Other non-limiting examples of cleansing surfactants include amphoteric or zwitterionic cleansing surfactants, including: alkyl amine oxides, alkyl betaines, alkyl amidopropyl betaines, alkyl sulfobetaines (sulfobetaines), alkyl glycinates, alkyl carboxyglycinates, alkyl amphoacetates, alkyl amphopropionates, alkyl amphoglycinates, alkyl amidopropyl hydroxybetaines, acyl taurates and acyl glutamates, wherein the alkyl and acyl groups have from 8 to 19 carbon atoms.
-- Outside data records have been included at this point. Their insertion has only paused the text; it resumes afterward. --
lemma box_union_split:
  "box_union lower_boxes \<union> box_union (slab_boxes crossing_boxes i c2 c0)
     \<union> box_union (slab_boxes upper_boxes i c1 c0) = box_union F"
proof (intro equalityI subsetI)
  fix x assume "x \<in> box_union lower_boxes \<union> box_union (slab_boxes crossing_boxes i c2 c0)
                       \<union> box_union (slab_boxes upper_boxes i c1 c0)"
  then show "x \<in> box_union F"
    using box_union_crossing_slab_subset[of c2 c0]
    by (auto simp: box_union_lower_boxes box_union_upper_slab)
next
  fix x assume x: "x \<in> box_union F"
  consider "x$i < c1" | "c1 < x$i" | "x$i = c1"
    by fastforce
  then show "x \<in> box_union lower_boxes \<union> box_union (slab_boxes crossing_boxes i c2 c0)
                 \<union> box_union (slab_boxes upper_boxes i c1 c0)"
  proof cases
    case 1
    then have "x \<in> box_union lower_boxes"
      using x box_union_lower_boxes by blast
    then show ?thesis by blast
  next
    case 2
    then have "x \<in> box_union (slab_boxes upper_boxes i c1 c0)"
      using x box_union_upper_slab by blast
    then show ?thesis by blast
  next
    case 3
    obtain a b where ab: "(a, b) \<in> F" and xab: "\<And>k. a$k < x$k \<and> x$k < b$k"
      using x by (auto elim!: box_unionE)
    have "(a, b) \<in> crossing_boxes"
      using ab xab[of i] 3 unfolding crossing_boxes_def by auto
    then have "x \<in> box_union (slab_boxes crossing_boxes i c2 c0)"
      by (rule box_union_slab_boxesI) (use xab 3 c2_less_c1 c1_less_c0 in auto)
    then show ?thesis by blast
  qed
qed

lemma finite_lower_boxes: "finite F \<Longrightarrow> finite lower_boxes"
  unfolding lower_boxes_def by (rule finite_imageI, rule finite_subset[of _ F]) auto

lemma proper_lower_boxes: "proper_boxes F \<Longrightarrow> proper_boxes lower_boxes"
  unfolding proper_boxes_def lower_boxes_def by auto

lemma boxes_vary_only_in_lower_boxes:
  assumes "boxes_vary_only_in D F" "i \<in> D"
  shows "boxes_vary_only_in D lower_boxes"
  unfolding boxes_vary_only_in_def
proof (clarify)
  fix a b a' b' k assume "(a, b) \<in> lower_boxes" "(a', b') \<in> lower_boxes" "k \<notin> D"
  then obtain b0 b0' where "(a, b0) \<in> F" "(a', b0') \<in> F"
    and b: "b = cart_upd b0 i (min (b0$i) c1)" "b' = cart_upd b0' i (min (b0'$i) c1)"
    unfolding lower_boxes_def by auto
  then have "a$k = a'$k \<and> b0$k = b0'$k"
    using boxes_vary_only_inD[OF assms(1)] \<open>k \<notin> D\<close> by blast
  moreover have "k \<noteq> i"
    using \<open>k \<notin> D\<close> assms(2) by auto
  ultimately show "a$k = a'$k \<and> b$k = b'$k"
    unfolding b by simp
qed

lemma box_ends_lower_boxes: "box_ends lower_boxes i \<subseteq> insert c1 (box_ends F i) - {c0}"
proof
  fix e assume "e \<in> box_ends lower_boxes i"
  then obtain a b where ab: "(a, b) \<in> F" "a$i < c1" and "e = a$i \<or> e = min (b$i) c1"
    unfolding box_ends_def lower_boxes_def by auto
  then show "e \<in> insert c1 (box_ends F i) - {c0}"
    using box_endsI[OF ab(1)] c1_less_c0 by (auto simp: min_def split: if_splits)
qed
Typical cleansing surfactants for use in the shampoo compositions of the present invention include sodium oleyl succinate, ammonium lauryl sulphosuccinate, sodium lauryl sulphate, sodium lauryl ether sulphosuccinate, ammonium lauryl sulphate, ammonium lauryl ether sulphate, sodium cocoyl isethionate, lauryl ether carboxylic acid and sodium N-lauryl sarcosinate, sodium alkyl polyether (pareth) sulphate, coco dimethyl sulphopropyl betaine, lauryl betaine, coco amidopropyl betaine, sodium coco amphoacetate.
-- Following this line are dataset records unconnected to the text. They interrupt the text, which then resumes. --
lemma integral_sq_diff_le_twice_sum_sq:
  fixes a b :: "'a \<Rightarrow> real"
  assumes "finite_measure M" and [measurable]: "a \<in> borel_measurable M" "b \<in> borel_measurable M"
    and bounded: "AE y in M. \<bar>a y\<bar> \<le> B \<and> \<bar>b y\<bar> \<le> B"
  shows "(\<integral>y. (a y - b y)\<^sup>2 \<partial>M) \<le> 2 * (\<integral>y. (a y)\<^sup>2 + (b y)\<^sup>2 \<partial>M)"
proof -
  interpret finite_measure M by fact
  have sq_bounds: "AE y in M. (a y - b y)\<^sup>2 \<le> (2 * B)\<^sup>2 \<and> (a y)\<^sup>2 + (b y)\<^sup>2 \<le> 2 * B\<^sup>2"
    using bounded
  proof eventually_elim
    case (elim y)
    have "\<bar>a y - b y\<bar>\<^sup>2 \<le> (2 * B)\<^sup>2" "\<bar>a y\<bar>\<^sup>2 \<le> B\<^sup>2" "\<bar>b y\<bar>\<^sup>2 \<le> B\<^sup>2"
      using elim by (intro power_mono; linarith)+
    then show ?case by simp
  qed
  have "integrable M (\<lambda>y. (a y - b y)\<^sup>2)"
    by (rule integrable_const_bound[where B = "(2 * B)\<^sup>2"]) (use sq_bounds in auto)
  moreover have "integrable M (\<lambda>y. 2 * ((a y)\<^sup>2 + (b y)\<^sup>2))"
    by (rule integrable_const_bound[where B = "2 * (2 * B\<^sup>2)"]) (use sq_bounds in auto)
  moreover have "(a y - b y)\<^sup>2 \<le> 2 * ((a y)\<^sup>2 + (b y)\<^sup>2)" for y
    using zero_le_power2[of "a y + b y"] by (simp add: power2_eq_square algebra_simps)
  ultimately have "(\<integral>y. (a y - b y)\<^sup>2 \<partial>M) \<le> (\<integral>y. 2 * ((a y)\<^sup>2 + (b y)\<^sup>2) \<partial>M)"
    by (rule integral_mono)
  then show ?thesis by (simp only: integral_mult_right_zero)
qed

theorem mainTheorem10:
  fixes L w :: real and n :: nat
  assumes "L > 0" and "n \<ge> 1"
  shows "sig_loss n w (plus_params L) (plus_fun :: (real ^ 'd) \<times> real \<times> real \<times> real \<Rightarrow> real ^ 'd \<Rightarrow> real)
         \<ge> 1 / 2 * sig_loss n w (aff_params L) (aff_fun :: (real ^ 'd) \<times> real \<times> real \<Rightarrow> real ^ 'd \<Rightarrow> real)"
proof -
  define M where "M = (sphere_unif :: (real^'d) measure) \<Otimes>\<^sub>M (sphere_samples n :: (nat \<Rightarrow> real^'d) measure)"
  define R where "R y = ramp_residual n w (fst y) (snd y)" for y :: "(real^'d) \<times> (nat \<Rightarrow> real^'d)"
  define R' where "R' y = ramp_residual n w (- fst y) (snd y)" for y :: "(real^'d) \<times> (nat \<Rightarrow> real^'d)"
  have "prob_space M"
    unfolding M_def by (intro prob_space_pair prob_space_PiM prob_space_sphere_unif)
  moreover have "R \<in> borel_measurable M" "R' \<in> borel_measurable M"
    using borel_measurable_ramp_residual[of "\<lambda>v. v" n w] borel_measurable_ramp_residual[of uminus n w]
    by (simp_all add: M_def R_def[abs_def] R'_def[abs_def])
  moreover have "AE y in M. \<bar>R y\<bar> \<le> 1 \<and> \<bar>R' y\<bar> \<le> 1"
    unfolding M_def R_def R'_def by (rule AE_abs_ramp_residuals_le_1[OF \<open>n \<ge> 1\<close>])
  ultimately have "(\<integral>y. (R y - R' y)\<^sup>2 \<partial>M) \<le> 2 * (\<integral>y. (R y)\<^sup>2 + (R' y)\<^sup>2 \<partial>M)"
    by (intro integral_sq_diff_le_twice_sum_sq prob_space.finite_measure)
  then have "L\<^sup>2/3 * (\<integral>y. (R y - R' y)\<^sup>2 \<partial>M) \<le> L\<^sup>2/3 * (2 * (\<integral>y. (R y)\<^sup>2 + (R' y)\<^sup>2 \<partial>M))"
    by (rule mult_left_mono) simp
  then show ?thesis
    unfolding sig_loss_plus_params[OF \<open>L > 0\<close>, of n w] sig_loss_aff_params[OF \<open>L > 0\<close>, of n w]
    by (simp add: M_def R_def R'_def)
qed

end
(* Fix a round $t$ and a common starting point $\bm{\theta}^t\in\mathbb{R}^d$. For every device $i\in[n]$ define the local noisy SGD trajectory $\bm{\theta}_i^{t\tau}=\bm{\theta}^t$, $\bm{\theta}_i^{t\tau+h+1}=\bm{\theta}_i^{t\tau+h}-\eta(g(\bm{\theta}_i^{t\tau+h})+\mathbf{b}_i^{t\tau+h})$ for $h=0,\dots,\tau-1$, where $g(\bm{\theta})=\frac1\gamma\sum_{\xi\in X}\nabla l(\bm{\theta},\xi)$ over a fresh mini-batch of $\gamma$ independent samples from $D_i$, and $\mathbf{b}_i^{t\tau+h}\sim\mathcal{N}(0,\sigma^2\mathbf{I}_d)$ are independent. Let $\Omega_t$ be a uniformly random $r$-subset of $[n]$ independent of these trajectories, and for $k=t\tau+s$ ($0\le s\le\tau-1$) let $\hat{\bm{\theta}}^k=\frac1r\sum_{i\in\Omega_t}\bm{\theta}_i^k$. Assume $\mathbb{E}[\nabla l(\mathbf{x},\xi_i)]=\nabla f_i(\mathbf{x})$ and $\mathbb{E}\|\nabla l(\mathbf{x},\xi_i)-\nabla f_i(\mathbf{x})\|^2\le\beta^2$ for $\xi_i$ sampled from $D_i$. Then $$\mathbb{E}\Big[\frac1r\sum_{i\in\Omega_t}\|\hat{\bm{\theta}}^k-\bm{\theta}_i^k\|^2\Big]\le2s^2\eta^2\Big(\frac{d\sigma^2(r+1)}{r}+\frac{2\beta^2}{\gamma}\Big)+4s\eta^2\frac{2(n-r)^2+n^2}{n^3}\sum_{h=0}^{s-1}\sum_{i=1}^n\mathbb{E}\|\nabla f_i(\bm{\theta}_i^{t\tau+h})\|^2.$$
   Context: $f_i(\bm{\theta})=\frac1{|D_i|}\sum_{\xi\in D_i}l(\bm{\theta},\xi)$ is the local objective of device $i$; $\eta$ step size, $\tau$ local period, $\gamma$ mini-batch size, $d$ model dimension, $r$ number of selected devices. The quantity on the left is the (network) divergence between the selected devices' local models and their average at local step $s$ of round $t$. *)

theory Defs
  imports "HOL-Probability.Probability"
begin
Preferred cleansing surfactants are sodium lauryl sulfate, sodium lauryl ether sulfosuccinate, ammonium lauryl sulfate, ammonium lauryl ether sulfate, sodium cocoyl isethionate and lauryl ether carboxylic acid, cocobetaine, cocoamidopropyl betaine, sodium cocoamphoacetate.
Mixtures of any of the foregoing anionic, nonionic and amphoteric cleansing surfactants may also be suitable, preferably wherein the ratio of primary to secondary surfactant is from 1:1 to 10:1, more preferably from 2:1 to 9:1, and most preferably from 3:1 to 8:1, based on the weight of cleansing surfactant included in the shampoo composition.
Suspending agent
Preferably, the composition of the present invention further comprises a suspending agent. Suitable suspending agents are selected from the group consisting of polyacrylic acids, crosslinked polymers of acrylic acid, copolymers of acrylic acid with hydrophobic monomers, copolymers of carboxylic acid-containing monomers and acrylic esters, crosslinked copolymers of acrylic acid and acrylic esters, heteropolysaccharide gums and crystalline long chain acyl derivatives. The long chain acyl derivative is desirably selected from the group consisting of ethylene glycol stearate, alkanolamides of fatty acids having from 16 to 22 carbon atoms, and mixtures thereof. Ethylene glycol distearate and polyethylene glycol 3 distearate are preferred long chain acyl derivatives because they impart pearlescence to the composition. Polyacrylic acid is commercially available as Carbopol 420, Carbopol 488, or Carbopol 493. Polymers of acrylic acid crosslinked with polyfunctional reagents may also be used; they are commercially available as Carbopol 910, Carbopol 934, Carbopol 941, and Carbopol 980. An example of a suitable copolymer comprising a carboxylic acid monomer and an acrylate is Carbopol 1342. All Carbopol (trade mark) materials are available from Goodrich.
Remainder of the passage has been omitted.